Владимир Литвиненко: «Следствием политики глобального доминирования США станет сохранение высокой стоимости энергоресурсов для Европы»
© Форпост Северо-Запад

Die Vereinigten Staaten haben ihre Versuche nicht aufgegeben, die Einnahmen des russischen Staatshaushalts aus Rohstoffexporten mit allen Mitteln zu verringern. Eine der abscheulichsten Initiativen in diesem Bereich ist die Einführung einer Obergrenze für die inländischen Ölpreise. Janet Yellen, Leiterin des US-Finanzministeriums, gab sogar einen Wert von 60 Dollar pro Barrel bekannt, d.h. unabhängig von den Marktbedingungen ist es strengstens verboten, ab dem 6. Dezember mehr nach Moskau zu zahlen.

Ist unser Land in der Lage, dem wachsenden Sanktionsdruck standzuhalten, der immer ausgefeilter wird? Wie sollte auf Herausforderungen wie die Unterminierung von Nord Stream und die Verweigerung des Zugangs zu den Untersuchungsergebnissen reagiert werden?

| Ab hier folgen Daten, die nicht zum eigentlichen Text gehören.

lemma retirement_time_stopping:
  assumes X: "X \<in> borel_measurable (F t)"
  shows "retirement_time t X \<in> stopping_times_from M F t"
  unfolding stopping_times_from_def
proof (intro CollectI conjI ballI allI retirement_time_ge)
  fix m :: nat
  show "{\<omega> \<in> space M. retirement_time t X \<omega> = enat m} \<in> sets (F m)"
  proof (cases "t \<le> m")
    case False
    then have "retirement_time t X \<omega> \<noteq> enat m" for \<omega>
      using retirement_time_ge[of t X \<omega>] by auto
    then show ?thesis
      by simp
  next
    case True
    then obtain d where m: "m = t + d"
      using le_Suc_ex by blast
    define A where "A i = {\<omega> \<in> space (F m). h (t + i + 1) \<omega> \<le> (1 - \<beta>) * X \<omega>}" for i
    have A_sets: "A i \<in> sets (F m)" if "i \<le> d" for i
    proof -
      have [measurable]: "h (t + i + 1) \<in> borel_measurable (F m)" "X \<in> borel_measurable (F m)"
        using h_measurable_F[of "t + i" m] measurable_F_mono[OF X True] that m by simp_all
      show ?thesis
        unfolding A_def by measurable
    qed
    have "retirement_time t X \<omega> = enat m \<longleftrightarrow>
        first_at_most (\<lambda>i. h (t + i + 1) \<omega>) ((1 - \<beta>) * X \<omega>) = enat d" for \<omega>
      unfolding retirement_time_def m
      by (cases "first_at_most (\<lambda>i. h (t + i + 1) \<omega>) ((1 - \<beta>) * X \<omega>)") simp_all
    then have "{\<omega> \<in> space M. retirement_time t X \<omega> = enat m} = A d - (\<Union>i<d. A i)"
      unfolding first_at_most_eq_enat_iff A_def space_F by (auto simp: not_le)
    then show ?thesis
      using A_sets by auto
  qed
qed

lemma disc_payoff_le_retirement_time:
  assumes "decseq (\<lambda>i. h (t + i + 1) \<omega>)" "\<omega> \<in> space M" "enat t \<le> \<tau> \<omega>"
  shows "disc_payoff \<beta> h t \<tau> X \<omega> \<le> disc_payoff \<beta> h t (retirement_time t X) X \<omega>"
  unfolding disc_payoff_eq_retire_payoff[of t \<tau> \<omega>, OF assms(3)]
    disc_payoff_eq_retire_payoff[of t "retirement_time t X" \<omega>, OF retirement_time_ge] retirement_time_minus
proof (rule retire_payoff_le_first_at_most[where B = reward_bound])
  show "0 \<le> h (t + i + 1) \<omega>" "h (t + i + 1) \<omega> \<le> reward_bound" for i
    using h_pos[OF assms(2), of "t + i"] h_le_reward_bound[OF assms(2), of "t + i"] by simp_all
qed (use beta assms(1) in simp_all)
lemma prob_typical_placements_ge_inverse:
  assumes s: "s \<ge> 4" and L: "L \<ge> 1" and q: "\<forall>j\<in>{1..K}. ptilde P m j > 0" and "\<gamma> \<ge> 0"
    and A: "A^2 = 2 * \<gamma> + 2" "A \<ge> 1" and T: "T = 2 * \<gamma> + 1"
    and \<delta>: "\<delta>^2 = exp (- T) / 32" "0 < \<delta>" "\<delta> \<le> 1"
    and Ac: "\<forall>j\<in>{1..K}. A * cost_scale P m L j \<le> real s / 2"
    and \<gamma>L: "4 * ln (real (s^2)) \<le> \<gamma> * real L"
    and C: "C > 0" "real K \<le> C * real (s^2)" "C * (1 + exp (2 * exp T)) \<le> real s"
  shows "1 - 1 / real (s^2) \<le> measure_pmf.prob (placement_pmf s m P)
                                (typical_placements s m L K P (\<delta> / 2) (4 * A))"
proof -
  let ?n = "real (s^2)"
  let ?E = "exp (real L - A^2 / 2 * real L) + exp (- T * (real L / 2) + (8 * \<delta>^2 * real L + 2) * exp T)"
  have "?E \<le> (1 + exp (2 * exp T)) * exp (- \<gamma> * real L)"
    by (rule failure_exponents_le[OF _ A(1) T \<delta>(1)]) simp
  then have "?n * real K * ?E \<le> ?n * real K * ((1 + exp (2 * exp T)) * exp (- \<gamma> * real L))"
    by (intro mult_left_mono) auto
  also have "\<dots> \<le> 1 / ?n"
  proof (rule scaled_failure_le_inverse)
    have "real s \<le> ?n"
      using s by (simp add: power2_eq_square)
    then show "C * (1 + exp (2 * exp T)) \<le> ?n"
      using C(3) by linarith
  qed (use s \<gamma>L C in \<open>auto intro: add_nonneg_nonneg\<close>)
  finally have "?n * real K * ?E \<le> 1 / ?n" .
  moreover have "T > 0"
    using T \<open>\<gamma> \<ge> 0\<close> by simp
  then have "1 - ?n * real K * ?E
      \<le> measure_pmf.prob (placement_pmf s m P) (typical_placements s m L K P (\<delta> / 2) (4 * A))"
    by (rule prob_typical_placements_ge[OF s L q A(2) \<delta>(2,3) _ Ac])
  ultimately show ?thesis
    by linarith
qed

text \<open>The union bound over the s^2 K pairs (u, j) needs an exponent \<gamma> L \<ge> 4 ln n, which
  holds for \<gamma> = 4 / \<kappa> when L \<ge> \<kappa> ln n; A, T and \<delta> are then chosen so that both Chernoff
  bounds decay like exp (- \<gamma> L).\<close>
lemma eventually_prob_typical_placements_ge:
  fixes K L m :: "nat \<Rightarrow> nat" and P :: "nat \<Rightarrow> nat pmf"
  assumes K_bigO: "(\<lambda>s. real (K s)) \<in> O(\<lambda>s. real (s^2))"
    and L_pos: "\<forall>s. L s \<ge> 1"
    and L_Omega: "(\<lambda>s. real (L s)) \<in> \<Omega>(\<lambda>s. ln (real (s^2)))"
    and pt_pos: "\<forall>s. \<forall>j\<in>{1..K s}. ptilde (P s) (m s) j > 0"
    and small: "\<forall>\<epsilon>>0. \<forall>\<^sub>F s in sequentially. \<forall>j\<in>{1..K s}. cost_scale (P s) (m s) (L s) j \<le> \<epsilon> * real s"
  shows "\<exists>a1>0. \<exists>a2>0. \<forall>\<^sub>F s in sequentially.
           1 - 1 / real (s^2) \<le> measure_pmf.prob (placement_pmf s (m s) (P s))
                                   (typical_placements s (m s) (L s) (K s) (P s) a1 a2)"
proof -
  obtain \<kappa> where \<kappa>: "\<kappa> > 0"
    and evL: "\<forall>\<^sub>F s in sequentially. \<kappa> * norm (ln (real (s^2))) \<le> norm (real (L s))"
    using L_Omega unfolding bigomega_def by auto
  obtain C where C: "C > 0" and evK: "\<forall>\<^sub>F s in sequentially. norm (real (K s)) \<le> C * norm (real (s^2))"
    using K_bigO unfolding bigo_def by auto
  define \<gamma> where "\<gamma> = 4 / \<kappa>"
  define A where "A = sqrt (2 * \<gamma> + 2)"
  define T where "T = 2 * \<gamma> + 1"
  define \<delta> where "\<delta> = sqrt (exp (- T) / 32)"
  have "\<gamma> \<ge> 0"
    unfolding \<gamma>_def using \<kappa> by simp
  then have A: "A^2 = 2 * \<gamma> + 2" "A \<ge> 1" and "exp (- T) \<le> 1"
    unfolding A_def T_def by simp_all
  then have \<delta>: "\<delta>^2 = exp (- T) / 32" "0 < \<delta>" "\<delta> \<le> 1"
    unfolding \<delta>_def by (simp_all only: real_sqrt_le_1_iff) simp_all
  have "1 / (2 * A) > 0"
    using A(2) by simp
  have "\<forall>\<^sub>F s in sequentially. 1 - 1 / real (s^2) \<le> measure_pmf.prob (placement_pmf s (m s) (P s))
                                   (typical_placements s (m s) (L s) (K s) (P s) (\<delta> / 2) (4 * A))"
    using evL evK small[rule_format, OF \<open>1 / (2 * A) > 0\<close>]
      eventually_ge_at_top[of "max 4 (nat \<lceil>C * (1 + exp (2 * exp T))\<rceil>)"]
  proof eventually_elim
    case (elim s)
    have s: "s \<ge> 4"
      using elim(4) by simp
    have "\<gamma> * (\<kappa> * ln (real (s^2))) \<le> \<gamma> * real (L s)"
      using elim(1) s \<open>\<gamma> \<ge> 0\<close> by (intro mult_left_mono) auto
    then have "4 * ln (real (s^2)) \<le> \<gamma> * real (L s)"
      using \<kappa> by (simp add: \<gamma>_def)
    moreover have "C * (1 + exp (2 * exp T)) \<le> real s"
      using elim(4) by linarith
    moreover have "A * cost_scale (P s) (m s) (L s) j \<le> real s / 2" if "j \<in> {1..K s}" for j
    proof -
      have "A * cost_scale (P s) (m s) (L s) j \<le> A * (1 / (2 * A) * real s)"
        using elim(3) that A(2) by (intro mult_left_mono) auto
      then show ?thesis
        using A(2) by simp
    qed
    ultimately show ?case
      by (intro prob_typical_placements_ge_inverse[OF s _ _ \<open>\<gamma> \<ge> 0\<close> A T_def \<delta>])
        (use elim(2) C L_pos pt_pos in auto)
  qed
  then show ?thesis
    using \<delta>(2) A(2) by (intro exI[of _ "\<delta> / 2"] conjI exI[of _ "4 * A"]) auto
qed

theorem theorem3:
  fixes K l :: "nat \<Rightarrow> nat" and M :: "nat \<Rightarrow> real" and P :: "nat \<Rightarrow> nat pmf"
  assumes K_pos: "\<forall>s. K s \<ge> 1"
    and P_supp: "\<forall>s. set_pmf (P s) \<subseteq> {1..K s}"
    and K_bigO: "(\<lambda>s. real (K s)) \<in> O(\<lambda>s. real (s^2))"
    and l_pos: "\<forall>s. l s \<ge> 1"
    and l_Omega: "(\<lambda>s. real (l s)) \<in> \<Omega>(\<lambda>s. ln (real (s^2)))"
    and M_cache: "\<forall>s. M s \<ge> 0 \<and> M s * real (l s) \<in> \<nat>"
    and pt_pos: "\<forall>s. \<forall>j\<in>{1..K s}. ptilde (P s) (nslots (M s) (l s)) j > 0"
    and small: "\<forall>\<epsilon>>0. \<forall>\<^sub>F s in sequentially. \<forall>j\<in>{1..K s}.
                  sqrt (real (l s) / ptilde (P s) (nslots (M s) (l s)) j) \<le> \<epsilon> * sqrt (real (s^2))"
  shows "(\<exists>c>0. \<exists>a1>0. \<exists>a2>0. \<forall>\<^sub>F s in sequentially.
            measure_pmf.prob (placement_pmf s (nslots (M s) (l s)) (P s))
              {X. \<forall>u\<in>grid s. \<forall>j\<in>{1..K s}.
                  a1 * sqrt (real (l s) / ptilde (P s) (nslots (M s) (l s)) j)
                    \<le> req_cost s (nslots (M s) (l s)) (l s) X u j
                \<and> req_cost s (nslots (M s) (l s)) (l s) X u j
                    \<le> a2 * sqrt (real (l s) / ptilde (P s) (nslots (M s) (l s)) j)}
            \<ge> 1 - 1 / real (s^2) powr c)
       \<and> (\<exists>a1>0. \<exists>a2>0. \<forall>\<^sub>F s in sequentially.
            a1 * (\<Sum>j=1..K s. sqrt (real (l s) / ptilde (P s) (nslots (M s) (l s)) j) * pmf (P s) j)
              \<le> measure_pmf.expectation
                   (pair_pmf (placement_pmf s (nslots (M s) (l s)) (P s)) (requests_pmf s (P s)))
                   (\<lambda>(X, R). overall_cost s (nslots (M s) (l s)) (l s) X R)
          \<and> measure_pmf.expectation
                   (pair_pmf (placement_pmf s (nslots (M s) (l s)) (P s)) (requests_pmf s (P s)))
                   (\<lambda>(X, R). overall_cost s (nslots (M s) (l s)) (l s) X R)
              \<le> a2 * (\<Sum>j=1..K s. sqrt (real (l s) / ptilde (P s) (nslots (M s) (l s)) j) * pmf (P s) j))"
proof -
  define m where "m s = nslots (M s) (l s)" for s
  have small': "\<forall>\<epsilon>>0. \<forall>\<^sub>F s in sequentially. \<forall>j\<in>{1..K s}. cost_scale (P s) (m s) (l s) j \<le> \<epsilon> * real s"
    using small by (simp add: cost_scale_def m_def)
  obtain a1 a2 where a: "a1 > 0" "a2 > 0" and whp: "\<forall>\<^sub>F s in sequentially.
      1 - 1 / real (s^2) \<le> measure_pmf.prob (placement_pmf s (m s) (P s))
                              (typical_placements s (m s) (l s) (K s) (P s) a1 a2)"
    using eventually_prob_typical_placements_ge[OF K_bigO l_pos l_Omega _ small'] pt_pos
    unfolding m_def by blast
  have "\<forall>\<^sub>F s in sequentially. a1 / 2 * (\<Sum>j=1..K s. cost_scale (P s) (m s) (l s) j * pmf (P s) j)
            \<le> expected_cost s (m s) (l s) (P s)
          \<and> expected_cost s (m s) (l s) (P s)
            \<le> (a2 + 1) * (\<Sum>j=1..K s. cost_scale (P s) (m s) (l s) j * pmf (P s) j)"
    using whp small'[rule_format, OF zero_less_one] eventually_ge_at_top[of 4]
  proof eventually_elim
    case (elim s)
    show ?case
      by (rule expected_cost_Theta) (use elim a l_pos P_supp pt_pos in \<open>auto simp: m_def\<close>)
  qed
  moreover have "\<forall>\<^sub>F s in sequentially. 1 - 1 / real (s^2) powr 1
      \<le> measure_pmf.prob (placement_pmf s (m s) (P s)) (typical_placements s (m s) (l s) (K s) (P s) a1 a2)"
    using whp by simp
  ultimately show ?thesis
    unfolding expected_cost_def typical_placements_def cost_scale_def m_def
    using a half_gt_zero[OF a(1)] add_pos_pos[OF a(2) zero_less_one] zero_less_one by blast
qed
end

Welche Projekte könnten den Rückgang der Erdgasverkäufe nach Europa kompensieren, die bereits um mehr als ein Drittel zurückgegangen sind? "Diese und andere Fragen richtete die Forpost an Wladimir Litwinenko, den Rektor der Bergbauuniversität St. Petersburg, einen führenden Experten auf dem Gebiet des Brennstoff- und Energiekomplexes.

- Wladimir Stefanowitsch, nach einer Reihe von Explosionen bei Nord Stream wurde endgültig klar, dass die USA vor nichts zurückschrecken werden, wenn nur ihr Anteil am europäischen Super-Marginalgasmarkt weiter steigt. Das bedeutet, dass die Exporte von Gazprom in die Alte Welt früher oder später auf Null sinken werden. Können die ausfallenden Arbeitsplätze durch Importeure aus anderen Ländern ersetzt werden?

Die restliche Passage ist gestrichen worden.